(* Let $h>0$ and $I(S,C)=\log\frac{1+hS}{1+hSe^{-C}}$ on $S>0$, $C>0$. Then the Hessian of $I$ at $(S,C)$ is negative semidefinite if and only if $$C\ge \log\left(2+\frac{1}{hS}\right).$$ The boundary of this region is parametrized by $\lambda_c\in(0,1)$ as $hS=\frac{\sqrt{\lambda_c}}{1-\sqrt{\lambda_c}}$, $e^{-C}=\frac{\sqrt{\lambda_c}}{1+\sqrt{\lambda_c}}$, and $C\to\log 2$ as $\lambda_c\to 1$. In particular, for every $S>0$ and every $C\in(0,\log 2)$ the Hessian of $I$ at $(S,C)$ is not negative semidefinite.
   Context: Logarithms are natural. $I(S,C)$ is the mutual information spectral density (nats/sec/Hz) at a frequency with power gain $h$, input power density $S$ and fronthaul rate density $C$. *)

theory Defs
  imports "HOL-Analysis.Analysis"
begin

definition MI :: "real \<Rightarrow> real \<Rightarrow> real \<Rightarrow> real" where
  "MI h S C = ln ((1 + h * S) / (1 + h * S * exp (- C)))"

definition hessian2 :: "(real \<Rightarrow> real \<Rightarrow> real) \<Rightarrow> real \<Rightarrow> real \<Rightarrow> real^2^2" where
  "hessian2 f S C = vector
     [vector [deriv (\<lambda>s. deriv (\<lambda>s'. f s' C) s) S,
              deriv (\<lambda>s. deriv (\<lambda>c. f s c) C) S],
      vector [deriv (\<lambda>c. deriv (\<lambda>s. f s c) S) C,
              deriv (\<lambda>c. deriv (\<lambda>c'. f S c') c) C]]"

definition neg_semidef :: "real^'n^'n \<Rightarrow> bool" where
  "neg_semidef M \<longleftrightarrow> (\<forall>v. v \<bullet> (M *v v) \<le> 0)"

end

theory Submission
  imports Defs
begin

text \<open>With \<open>x = h S\<close> and \<open>u = e\<^sup>-\<^sup>C \<in> (0,1)\<close> all second partials of \<open>I\<close> are rational in
  \<open>x\<close> and \<open>u\<close>. The \<open>(S,S)\<close> entry is negative because \<open>u < 1\<close>, so the Hessian is negative
  semidefinite iff its determinant is nonnegative, and the determinant has the sign of
  \<open>x - u (2 x + 1)\<close>, i.e. of \<open>e\<^sup>C - (2 + 1/x)\<close>. On the boundary \<open>e\<^sup>-\<^sup>C = x / (1 + 2 x)\<close>, and
  \<open>\<surd>\<lambda>\<^sub>c = x / (1 + x)\<close> is the parameter of the paper.\<close>

definition MI_dS :: "real \<Rightarrow> real \<Rightarrow> real \<Rightarrow> real" where
  "MI_dS h S C = h / (1 + h * S) - h * exp (- C) / (1 + h * S * exp (- C))"

definition MI_dC :: "real \<Rightarrow> real \<Rightarrow> real \<Rightarrow> real" where
  "MI_dC h S C = h * S * exp (- C) / (1 + h * S * exp (- C))"

lemma MI_denominators_pos:
  fixes h S C :: real
  assumes "h > 0" "S > 0"
  shows "0 < 1 + h * S \<and> 0 < 1 + h * S * exp (- C)"
  using assms by (simp_all add: add_pos_pos)

lemma MI_eq_ln_diff:
  assumes "h > 0" "S > 0"
  shows "MI h S C = ln (1 + h * S) - ln (1 + h * S * exp (- C))"
  using MI_denominators_pos[OF assms, of C] by (simp add: MI_def ln_div)

lemma MI_has_derivative_S:
  assumes h: "h > 0" and S: "S > 0"
  shows "((\<lambda>s. MI h s C) has_real_derivative MI_dS h S C) (at S)"
proof (rule has_field_derivative_transform_within_open)
  show "((\<lambda>s. ln (1 + h * s) - ln (1 + h * s * exp (- C))) has_real_derivative MI_dS h S C) (at S)"
    unfolding MI_dS_def using MI_denominators_pos[OF h S, of C]
    by (auto intro!: derivative_eq_intros)
  show "\<And>s. s \<in> {0<..} \<Longrightarrow> ln (1 + h * s) - ln (1 + h * s * exp (- C)) = MI h s C"
    using h by (simp add: MI_eq_ln_diff)
qed (use S in auto)

lemma MI_has_derivative_C:
  assumes "h > 0" "S > 0"
  shows "((\<lambda>c. MI h S c) has_real_derivative MI_dC h S C) (at C)"
  unfolding MI_eq_ln_diff[OF assms] MI_dC_def using MI_denominators_pos[OF assms, of C]
  by (auto intro!: derivative_eq_intros)

lemma MI_dS_has_derivative_S:
  assumes "h > 0" "S > 0"
  shows "((\<lambda>s. MI_dS h s C) has_real_derivative
           h^2 * exp (- C)^2 / (1 + h * S * exp (- C))^2 - h^2 / (1 + h * S)^2) (at S)"
  unfolding MI_dS_def using MI_denominators_pos[OF assms, of C]
  by (auto intro!: derivative_eq_intros simp: power2_eq_square)

lemma MI_dS_has_derivative_C:
  assumes "h > 0" "S > 0"
  shows "((\<lambda>c. MI_dS h S c) has_real_derivative h * exp (- C) / (1 + h * S * exp (- C))^2) (at C)"
  unfolding MI_dS_def using MI_denominators_pos[OF assms, of C]
  by (auto intro!: derivative_eq_intros simp: power2_eq_square algebra_simps)

lemma MI_dC_has_derivative_S:
  assumes "h > 0" "S > 0"
  shows "((\<lambda>s. MI_dC h s C) has_real_derivative h * exp (- C) / (1 + h * S * exp (- C))^2) (at S)"
  unfolding MI_dC_def using MI_denominators_pos[OF assms, of C]
  by (auto intro!: derivative_eq_intros simp: power2_eq_square algebra_simps)

lemma MI_dC_has_derivative_C:
  assumes "h > 0" "S > 0"
  shows "((\<lambda>c. MI_dC h S c) has_real_derivative - h * S * exp (- C) / (1 + h * S * exp (- C))^2) (at C)"
  unfolding MI_dC_def using MI_denominators_pos[OF assms, of C]
  by (auto intro!: derivative_eq_intros simp: power2_eq_square algebra_simps)

lemma hessian2_MI:
  assumes h: "h > 0" and S: "S > 0"
  shows "hessian2 (MI h) S C = vector
     [vector [h^2 * exp (- C)^2 / (1 + h * S * exp (- C))^2 - h^2 / (1 + h * S)^2,
              h * exp (- C) / (1 + h * S * exp (- C))^2],
      vector [h * exp (- C) / (1 + h * S * exp (- C))^2,
              - h * S * exp (- C) / (1 + h * S * exp (- C))^2]]"
proof -
  have "eventually (\<lambda>s. s \<in> {0<..}) (nhds S)"
    using S by (intro eventually_nhds_in_open) auto
  then have "deriv (\<lambda>s. deriv (\<lambda>s'. MI h s' C) s) S = deriv (\<lambda>s. MI_dS h s C) S"
        and "deriv (\<lambda>s. deriv (\<lambda>c. MI h s c) C) S = deriv (\<lambda>s. MI_dC h s C) S"
    by (auto intro!: deriv_cong_ev elim!: eventually_mono
             intro: DERIV_imp_deriv MI_has_derivative_S MI_has_derivative_C h)
  moreover have "deriv (\<lambda>c. deriv (\<lambda>s. MI h s c) S) C = deriv (\<lambda>c. MI_dS h S c) C"
            and "deriv (\<lambda>c. deriv (\<lambda>c'. MI h S c') c) C = deriv (\<lambda>c. MI_dC h S c) C"
    using DERIV_imp_deriv[OF MI_has_derivative_S[OF h S]]
          DERIV_imp_deriv[OF MI_has_derivative_C[OF h S]] by simp_all
  ultimately show ?thesis
    unfolding hessian2_def
    using DERIV_imp_deriv[OF MI_dS_has_derivative_S[OF h S]]
          DERIV_imp_deriv[OF MI_dS_has_derivative_C[OF h S]]
          DERIV_imp_deriv[OF MI_dC_has_derivative_S[OF h S]]
          DERIV_imp_deriv[OF MI_dC_has_derivative_C[OF h S]] by simp
qed

lemma inner_matrix_vector_mult_2x2:
  fixes v :: "real^2"
  shows "v \<bullet> (vector [vector [a, b], vector [b, d]] *v v) = a * (v$1)^2 + 2 * b * v$1 * v$2 + d * (v$2)^2"
  by (simp add: inner_vec_def matrix_vector_mult_def sum_2 power2_eq_square algebra_simps)

lemma neg_semidef_2x2_iff:
  fixes a b d :: real
  assumes a: "a < 0"
  shows "neg_semidef (vector [vector [a, b], vector [b, d]] :: real^2^2) \<longleftrightarrow> a * d - b^2 \<ge> 0"
proof
  assume "neg_semidef (vector [vector [a, b], vector [b, d]] :: real^2^2)"
  then have "(vector [b, -a] :: real^2) \<bullet> ((vector [vector [a, b], vector [b, d]] :: real^2^2) *v vector [b, -a]) \<le> 0"
    unfolding neg_semidef_def by (rule spec)
  then have "a * (a * d - b^2) \<le> 0"
    unfolding inner_matrix_vector_mult_2x2 by (simp add: power2_eq_square algebra_simps)
  then show "a * d - b^2 \<ge> 0" using a by (simp add: mult_le_0_iff)
next
  assume det: "a * d - b^2 \<ge> 0"
  show "neg_semidef (vector [vector [a, b], vector [b, d]] :: real^2^2)"
    unfolding neg_semidef_def inner_matrix_vector_mult_2x2
  proof
    fix v :: "real^2"
    have "a * (a * (v$1)^2 + 2 * b * v$1 * v$2 + d * (v$2)^2) = (a * v$1 + b * v$2)^2 + (a * d - b^2) * (v$2)^2"
      by (simp add: power2_eq_square algebra_simps)
    also have "\<dots> \<ge> 0" using det by simp
    finally show "a * (v$1)^2 + 2 * b * v$1 * v$2 + d * (v$2)^2 \<le> 0"
      using a by (simp add: zero_le_mult_iff)
  qed
qed

lemma MI_hessian_det:
  fixes h x u :: real
  assumes "x > 0" "u > 0"
  shows "(h^2 * u^2 / (1 + x * u)^2 - h^2 / (1 + x)^2) * (- x * u / (1 + x * u)^2)
           - (h * u / (1 + x * u)^2)^2
         = h^2 * u * (x - u * (2 * x + 1)) / ((1 + x)^2 * (1 + x * u)^3)"
proof -
  define a b where "a = 1 + x" and "b = 1 + x * u"
  have "a \<noteq> 0" "b \<noteq> 0"
    unfolding a_def b_def using assms by (auto simp: add_pos_pos less_imp_neq[symmetric])
  then have "(h^2 * u^2 / b^2 - h^2 / a^2) * (- x * u / b^2) - (h * u / b^2)^2
      = h^2 * ((- x * u) * (u^2 * a^2 - b^2) - u^2 * a^2) / (a^2 * b^4)"
    by (simp add: field_simps power2_eq_square power4_eq_xxxx)
  also have "(- x * u) * (u^2 * a^2 - b^2) - u^2 * a^2 = u * (x - u * (2 * x + 1)) * b"
    unfolding a_def b_def by (simp add: power2_eq_square algebra_simps)
  also have "h^2 * (u * (x - u * (2 * x + 1)) * b) / (a^2 * b^4) = h^2 * u * (x - u * (2 * x + 1)) / (a^2 * b^3)"
    using \<open>b \<noteq> 0\<close> by (simp add: eval_nat_numeral)
  finally show ?thesis unfolding a_def b_def .
qed

lemma MI_hessian_SS_neg:
  fixes h x u :: real
  assumes "h > 0" "x > 0" "0 < u" "u < 1"
  shows "h^2 * u^2 / (1 + x * u)^2 - h^2 / (1 + x)^2 < 0"
proof -
  have "u / (1 + x * u) < 1 / (1 + x)"
    using assms by (simp add: field_simps add_pos_pos)
  then have "(u / (1 + x * u))^2 < (1 / (1 + x))^2"
    using assms by (intro power_strict_mono) auto
  then have "h^2 * (u / (1 + x * u))^2 < h^2 * (1 / (1 + x))^2"
    using assms by simp
  then show ?thesis by (simp add: power_divide)
qed

lemma hessian2_MI_neg_semidef_iff:
  assumes h: "h > 0" and S: "S > 0" and C: "C > 0"
  shows "neg_semidef (hessian2 (MI h) S C) \<longleftrightarrow> C \<ge> ln (2 + 1 / (h * S))"
proof -
  define x where "x = h * S"
  define u where "u = exp (- C)"
  have x: "x > 0" unfolding x_def using h S by simp
  have u: "0 < u" "u < 1" unfolding u_def using C by auto
  have H: "hessian2 (MI h) S C = vector
     [vector [h^2 * u^2 / (1 + x * u)^2 - h^2 / (1 + x)^2, h * u / (1 + x * u)^2],
      vector [h * u / (1 + x * u)^2, - x * u / (1 + x * u)^2]]"
    unfolding hessian2_MI[OF h S] x_def u_def by (simp add: mult.assoc)
  have "neg_semidef (hessian2 (MI h) S C) \<longleftrightarrow>
      0 \<le> h^2 * u * (x - u * (2 * x + 1)) / ((1 + x)^2 * (1 + x * u)^3)"
    unfolding H neg_semidef_2x2_iff[OF MI_hessian_SS_neg[OF h x u]] MI_hessian_det[OF x u(1)] ..
  also have "\<dots> \<longleftrightarrow> 0 \<le> x - u * (2 * x + 1)"
  proof -
    have "0 \<le> p * d / q \<longleftrightarrow> 0 \<le> d" if "0 < p" "0 < q" for p q d :: real
      using that by (simp add: zero_le_divide_iff zero_le_mult_iff)
    then show ?thesis using h x u by (simp add: add_pos_pos)
  qed
  also have "\<dots> \<longleftrightarrow> 2 + 1 / x \<le> exp C"
    using x u unfolding u_def by (simp add: exp_minus field_simps)
  also have "\<dots> \<longleftrightarrow> ln (2 + 1 / x) \<le> C"
    using x by (subst ln_le_cancel_iff[symmetric]) (auto simp: add_pos_pos)
  finally show ?thesis unfolding x_def .
qed

lemma ln_two_plus_inverse_iff:
  fixes x C :: real
  assumes "x > 0"
  shows "C = ln (2 + 1 / x) \<longleftrightarrow> exp (- C) = x / (1 + 2 * x)"
proof -
  have "C = ln (2 + 1 / x) \<longleftrightarrow> exp C = 2 + 1 / x"
    using assms by (metis add_pos_pos exp_ln ln_exp zero_less_divide_1_iff zero_less_numeral)
  also have "\<dots> \<longleftrightarrow> exp (- C) = x / (1 + 2 * x)"
    using assms by (auto simp: exp_minus field_simps)
  finally show ?thesis .
qed

lemma sqrt_boundary_parametrization:
  fixes x y :: real
  assumes x: "x > 0"
  shows "(\<exists>l\<in>{0<..<1}. x = sqrt l / (1 - sqrt l) \<and> y = sqrt l / (1 + sqrt l))
         \<longleftrightarrow> y = x / (1 + 2 * x)"
proof
  assume "\<exists>l\<in>{0<..<1}. x = sqrt l / (1 - sqrt l) \<and> y = sqrt l / (1 + sqrt l)"
  then obtain l where l: "0 < l" "l < 1" "x = sqrt l / (1 - sqrt l)" "y = sqrt l / (1 + sqrt l)"
    by auto
  then have "sqrt l < 1" by simp
  then have t: "sqrt l = x / (1 + x)" using l(3) x by (simp add: field_simps)
  moreover have "1 + sqrt l = (1 + 2 * x) / (1 + x)" unfolding t using x by (simp add: field_simps)
  ultimately show "y = x / (1 + 2 * x)" using l(4) x by simp
next
  assume y: "y = x / (1 + 2 * x)"
  define t where "t = x / (1 + x)"
  have t: "0 < t" "t < 1" unfolding t_def using x by auto
  show "\<exists>l\<in>{0<..<1}. x = sqrt l / (1 - sqrt l) \<and> y = sqrt l / (1 + sqrt l)"
  proof (intro bexI conjI)
    show "t^2 \<in> {0<..<1}" using t by (simp add: power_less_one_iff)
    have sqrt_t: "sqrt (t^2) = t" using t by simp
    have "1 + t = (1 + 2 * x) / (1 + x)" unfolding t_def using x by (simp add: field_simps)
    then have "y = t / (1 + t)" unfolding y using x by (simp add: t_def)
    moreover have "x = t / (1 - t)" unfolding t_def using x by (simp add: field_simps)
    ultimately show "x = sqrt (t^2) / (1 - sqrt (t^2))" "y = sqrt (t^2) / (1 + sqrt (t^2))"
      unfolding sqrt_t by simp_all
  qed
qed

lemma tendsto_minus_ln_sqrt_at_left_1:
  "((\<lambda>l. - ln (sqrt l / (1 + sqrt l))) \<longlongrightarrow> ln 2) (at_left 1)"
proof -
  have "((\<lambda>l. - ln (sqrt l / (1 + sqrt l))) \<longlongrightarrow> - ln (sqrt 1 / (1 + sqrt 1))) (at_left (1::real))"
    by (intro tendsto_intros) auto
  then show ?thesis by (simp add: ln_div)
qed

theorem mainTheorem4:
  fixes h :: real
  assumes h: "h > 0"
  shows "(\<forall>S C. S > 0 \<longrightarrow> C > 0 \<longrightarrow>
            (neg_semidef (hessian2 (MI h) S C) \<longleftrightarrow> C \<ge> ln (2 + 1 / (h * S))))
       \<and> (\<forall>S C. S > 0 \<longrightarrow> C > 0 \<longrightarrow>
            (C = ln (2 + 1 / (h * S)) \<longleftrightarrow>
             (\<exists>l\<in>{0<..<1}. h * S = sqrt l / (1 - sqrt l)
                             \<and> exp (- C) = sqrt l / (1 + sqrt l))))
       \<and> ((\<lambda>l. - ln (sqrt l / (1 + sqrt l))) \<longlongrightarrow> ln 2) (at_left 1)
       \<and> (\<forall>S C. S > 0 \<longrightarrow> 0 < C \<longrightarrow> C < ln 2 \<longrightarrow>
            \<not> neg_semidef (hessian2 (MI h) S C))"
proof (intro conjI allI impI)
  fix S C :: real
  assume S: "S > 0" and C: "C > 0"
  then show "neg_semidef (hessian2 (MI h) S C) \<longleftrightarrow> C \<ge> ln (2 + 1 / (h * S))"
    using h by (simp add: hessian2_MI_neg_semidef_iff)
  have hS: "h * S > 0" using h S by simp
  show "C = ln (2 + 1 / (h * S)) \<longleftrightarrow>
        (\<exists>l\<in>{0<..<1}. h * S = sqrt l / (1 - sqrt l) \<and> exp (- C) = sqrt l / (1 + sqrt l))"
    unfolding ln_two_plus_inverse_iff[OF hS] sqrt_boundary_parametrization[OF hS] ..
  assume "C < ln 2"
  moreover have "ln 2 \<le> ln (2 + 1 / (h * S))" using hS by (subst ln_le_cancel_iff) (auto simp: add_pos_pos)
  ultimately show "\<not> neg_semidef (hessian2 (MI h) S C)"
    using hessian2_MI_neg_semidef_iff[OF h S C] by simp
qed (rule tendsto_minus_ln_sqrt_at_left_1)
end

_ _ _ _ _ _ _

## Instructions for the task
Beginning at the line with "(simp add: power_less_one_iff)" and stopping after the line with "ln_le_cancel_iff) (auto simp: add_pos_pos)", please write out every line of the data above exactly and nothing else.

## Answer to this exercise
    show "t^2 \<in> {0<..<1}" using t by (simp add: power_less_one_iff)
    have sqrt_t: "sqrt (t^2) = t" using t by simp
    have "1 + t = (1 + 2 * x) / (1 + x)" unfolding t_def using x by (simp add: field_simps)
    then have "y = t / (1 + t)" unfolding y using x by (simp add: t_def)
    moreover have "x = t / (1 - t)" unfolding t_def using x by (simp add: field_simps)
    ultimately show "x = sqrt (t^2) / (1 - sqrt (t^2))" "y = sqrt (t^2) / (1 + sqrt (t^2))"
      unfolding sqrt_t by simp_all
  qed
qed

lemma tendsto_minus_ln_sqrt_at_left_1:
  "((\<lambda>l. - ln (sqrt l / (1 + sqrt l))) \<longlongrightarrow> ln 2) (at_left 1)"
proof -
  have "((\<lambda>l. - ln (sqrt l / (1 + sqrt l))) \<longlongrightarrow> - ln (sqrt 1 / (1 + sqrt 1))) (at_left (1::real))"
    by (intro tendsto_intros) auto
  then show ?thesis by (simp add: ln_div)
qed

theorem mainTheorem4:
  fixes h :: real
  assumes h: "h > 0"
  shows "(\<forall>S C. S > 0 \<longrightarrow> C > 0 \<longrightarrow>
            (neg_semidef (hessian2 (MI h) S C) \<longleftrightarrow> C \<ge> ln (2 + 1 / (h * S))))
       \<and> (\<forall>S C. S > 0 \<longrightarrow> C > 0 \<longrightarrow>
            (C = ln (2 + 1 / (h * S)) \<longleftrightarrow>
             (\<exists>l\<in>{0<..<1}. h * S = sqrt l / (1 - sqrt l)
                             \<and> exp (- C) = sqrt l / (1 + sqrt l))))
       \<and> ((\<lambda>l. - ln (sqrt l / (1 + sqrt l))) \<longlongrightarrow> ln 2) (at_left 1)
       \<and> (\<forall>S C. S > 0 \<longrightarrow> 0 < C \<longrightarrow> C < ln 2 \<longrightarrow>
            \<not> neg_semidef (hessian2 (MI h) S C))"
proof (intro conjI allI impI)
  fix S C :: real
  assume S: "S > 0" and C: "C > 0"
  then show "neg_semidef (hessian2 (MI h) S C) \<longleftrightarrow> C \<ge> ln (2 + 1 / (h * S))"
    using h by (simp add: hessian2_MI_neg_semidef_iff)
  have hS: "h * S > 0" using h S by simp
  show "C = ln (2 + 1 / (h * S)) \<longleftrightarrow>
        (\<exists>l\<in>{0<..<1}. h * S = sqrt l / (1 - sqrt l) \<and> exp (- C) = sqrt l / (1 + sqrt l))"
    unfolding ln_two_plus_inverse_iff[OF hS] sqrt_boundary_parametrization[OF hS] ..
  assume "C < ln 2"
  moreover have "ln 2 \<le> ln (2 + 1 / (h * S))" using hS by (subst ln_le_cancel_iff) (auto simp: add_pos_pos)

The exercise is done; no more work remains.